::: AVAILABLE RECORDS

text \<open>(gamma, Sigma)-near-potential game with respect to u; Du i = gradient of u_i,
  Du0 = gradient of the potential u; partial derivative wrt x_i is the i-th component.\<close>
definition near_potential ::
  "('n::finite \<Rightarrow> real set) \<Rightarrow> ('n \<Rightarrow> real) \<Rightarrow> real^'n^'n \<Rightarrow> ('n \<Rightarrow> real^'n \<Rightarrow> real^'n) \<Rightarrow> (real^'n \<Rightarrow> real^'n) \<Rightarrow> bool" where
  "near_potential Xs \<gamma> \<Sigma> Du Du0 \<longleftrightarrow>
     (\<forall>i j. \<forall>x \<in> prod_actions Xs.
        (\<Sigma> $ i $ j)-lipschitz_on (Xs j)
          (\<lambda>a. \<gamma> i * (Du i (upd_coord x j a) $ i) - Du0 (upd_coord x j a) $ i))"

definition max_singular_value :: "real^'n^'n \<Rightarrow> real" where
  "max_singular_value A = Sup ((\<lambda>v. norm (A *v v)) ` {v. norm v = 1})"

definition nash_equilibrium :: "('n::finite \<Rightarrow> real set) \<Rightarrow> ('n \<Rightarrow> real^'n \<Rightarrow> real) \<Rightarrow> real^'n \<Rightarrow> bool" where
  "nash_equilibrium Xs u x \<longleftrightarrow>
     x \<in> prod_actions Xs \<and> (\<forall>i. \<forall>a \<in> Xs i. u i (upd_coord x i a) \<le> u i x)"

end

theory Submission
  imports Defs
begin

text \<open>
  Write F for the \<gamma>-scaled pseudo-gradient. Near-potentiality makes F - \<nabla>u Lipschitz with
  constant \<sigma>_max(\<Sigma>) (change one coordinate at a time and collect the increments with \<Sigma>),
  and c-strong concavity makes \<nabla>u c-strongly dissipative, so F is (c - \<sigma>_max)-strongly
  dissipative. The Nash equilibria are exactly the solutions of the variational inequality
  (y - x) \<bullet> F x \<le> 0 for all y in X: it splits into the players' first-order conditions, which
  are also sufficient because dissipativity of F makes each u_i concave in the player's own
  action. A solution exists because z \<mapsto> argmax (u + \<langle>-, F z - \<nabla>u z\<rangle>) is a contraction with
  constant \<sigma>_max/c, and it is unique by strong dissipativity. Along the dynamic,
  |x(t) - x*|^2 exp(2 (c - \<sigma>_max) t) is nonincreasing.
\<close>

lemma upd_coord_nth [simp]: "upd_coord x j a $ k = (if k = j then a else x $ k)"
  by (simp add: upd_coord_def)

lemma upd_coord_same [simp]: "upd_coord x j (x $ j) = x"
  by (simp add: vec_eq_iff)

lemma upd_coord_eq_add_axis: "upd_coord x i s = x + (s - x $ i) *\<^sub>R axis i 1"
  by (simp add: vec_eq_iff axis_def)

lemma inner_upd_coord_diff: "(upd_coord x i a - upd_coord x i b) \<bullet> v = (a - b) * v $ i"
proof -
  have "upd_coord x i a - upd_coord x i b = (a - b) *\<^sub>R axis i 1"
    by (simp add: upd_coord_eq_add_axis algebra_simps scaleR_diff_left)
  then show ?thesis by (simp add: inner_axis')
qed

lemma has_real_derivative_upd_coord:
  assumes "(f has_derivative (\<lambda>h. h \<bullet> D)) (at (upd_coord x i s))"
  shows "((\<lambda>s. f (upd_coord x i s)) has_real_derivative D $ i) (at s)"
proof -
  have "((\<lambda>s. upd_coord x i s) has_derivative (\<lambda>h. h *\<^sub>R axis i 1)) (at s)"
    unfolding upd_coord_eq_add_axis by (auto intro!: derivative_eq_intros)
  from has_derivative_compose[OF this assms]
  show ?thesis
    by (rule has_derivative_imp_has_field_derivative) (simp add: inner_axis')
qed

lemma upd_coord_in_prod_actions:
  "x \<in> prod_actions Xs \<Longrightarrow> a \<in> Xs j \<Longrightarrow> upd_coord x j a \<in> prod_actions Xs"
  by (simp add: prod_actions_def)

lemma prod_actions_nonempty: "(\<And>i. Xs i \<noteq> {}) \<Longrightarrow> prod_actions Xs \<noteq> {}"
proof -
  assume "\<And>i. Xs i \<noteq> {}"
  then have "(\<chi> i. SOME a. a \<in> Xs i) \<in> prod_actions Xs"
    by (simp add: prod_actions_def some_in_eq)
  then show ?thesis by blast
qed

lemma closed_prod_actions: "(\<And>i. closed (Xs i)) \<Longrightarrow> closed (prod_actions Xs)"
  unfolding prod_actions_def
  by (intro closed_Collect_all) (use closed_vimage_vec_nth in \<open>auto simp: vimage_def\<close>)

::::::

◆ TASK OBJECTIVE
Output the listing above exactly, keeping each line as it was.

◆ ANSWER SECTION
text \<open>(gamma, Sigma)-near-potential game with respect to u; Du i = gradient of u_i,
  Du0 = gradient of the potential u; partial derivative wrt x_i is the i-th component.\<close>
definition near_potential ::
  "('n::finite \<Rightarrow> real set) \<Rightarrow> ('n \<Rightarrow> real) \<Rightarrow> real^'n^'n \<Rightarrow> ('n \<Rightarrow> real^'n \<Rightarrow> real^'n) \<Rightarrow> (real^'n \<Rightarrow> real^'n) \<Rightarrow> bool" where
  "near_potential Xs \<gamma> \<Sigma> Du Du0 \<longleftrightarrow>
     (\<forall>i j. \<forall>x \<in> prod_actions Xs.
        (\<Sigma> $ i $ j)-lipschitz_on (Xs j)
          (\<lambda>a. \<gamma> i * (Du i (upd_coord x j a) $ i) - Du0 (upd_coord x j a) $ i))"

definition max_singular_value :: "real^'n^'n \<Rightarrow> real" where
  "max_singular_value A = Sup ((\<lambda>v. norm (A *v v)) ` {v. norm v = 1})"

definition nash_equilibrium :: "('n::finite \<Rightarrow> real set) \<Rightarrow> ('n \<Rightarrow> real^'n \<Rightarrow> real) \<Rightarrow> real^'n \<Rightarrow> bool" where
  "nash_equilibrium Xs u x \<longleftrightarrow>
     x \<in> prod_actions Xs \<and> (\<forall>i. \<forall>a \<in> Xs i. u i (upd_coord x i a) \<le> u i x)"

end

theory Submission
  imports Defs
begin

text \<open>
  Write F for the \<gamma>-scaled pseudo-gradient. Near-potentiality makes F - \<nabla>u Lipschitz with
  constant \<sigma>_max(\<Sigma>) (change one coordinate at a time and collect the increments with \<Sigma>),
  and c-strong concavity makes \<nabla>u c-strongly dissipative, so F is (c - \<sigma>_max)-strongly
  dissipative. The Nash equilibria are exactly the solutions of the variational inequality
  (y - x) \<bullet> F x \<le> 0 for all y in X: it splits into the players' first-order conditions, which
  are also sufficient because dissipativity of F makes each u_i concave in the player's own
  action. A solution exists because z \<mapsto> argmax (u + \<langle>-, F z - \<nabla>u z\<rangle>) is a contraction with
  constant \<sigma>_max/c, and it is unique by strong dissipativity. Along the dynamic,
  |x(t) - x*|^2 exp(2 (c - \<sigma>_max) t) is nonincreasing.
\<close>

lemma upd_coord_nth [simp]: "upd_coord x j a $ k = (if k = j then a else x $ k)"
  by (simp add: upd_coord_def)

lemma upd_coord_same [simp]: "upd_coord x j (x $ j) = x"
  by (simp add: vec_eq_iff)

lemma upd_coord_eq_add_axis: "upd_coord x i s = x + (s - x $ i) *\<^sub>R axis i 1"
  by (simp add: vec_eq_iff axis_def)

lemma inner_upd_coord_diff: "(upd_coord x i a - upd_coord x i b) \<bullet> v = (a - b) * v $ i"
proof -
  have "upd_coord x i a - upd_coord x i b = (a - b) *\<^sub>R axis i 1"
    by (simp add: upd_coord_eq_add_axis algebra_simps scaleR_diff_left)
  then show ?thesis by (simp add: inner_axis')
qed

lemma has_real_derivative_upd_coord:
  assumes "(f has_derivative (\<lambda>h. h \<bullet> D)) (at (upd_coord x i s))"
  shows "((\<lambda>s. f (upd_coord x i s)) has_real_derivative D $ i) (at s)"
proof -
  have "((\<lambda>s. upd_coord x i s) has_derivative (\<lambda>h. h *\<^sub>R axis i 1)) (at s)"
    unfolding upd_coord_eq_add_axis by (auto intro!: derivative_eq_intros)
  from has_derivative_compose[OF this assms]
  show ?thesis
    by (rule has_derivative_imp_has_field_derivative) (simp add: inner_axis')
qed

lemma upd_coord_in_prod_actions:
  "x \<in> prod_actions Xs \<Longrightarrow> a \<in> Xs j \<Longrightarrow> upd_coord x j a \<in> prod_actions Xs"
  by (simp add: prod_actions_def)

lemma prod_actions_nonempty: "(\<And>i. Xs i \<noteq> {}) \<Longrightarrow> prod_actions Xs \<noteq> {}"
proof -
  assume "\<And>i. Xs i \<noteq> {}"
  then have "(\<chi> i. SOME a. a \<in> Xs i) \<in> prod_actions Xs"
    by (simp add: prod_actions_def some_in_eq)
  then show ?thesis by blast
qed

lemma closed_prod_actions: "(\<And>i. closed (Xs i)) \<Longrightarrow> closed (prod_actions Xs)"
  unfolding prod_actions_def
  by (intro closed_Collect_all) (use closed_vimage_vec_nth in \<open>auto simp: vimage_def\<close>)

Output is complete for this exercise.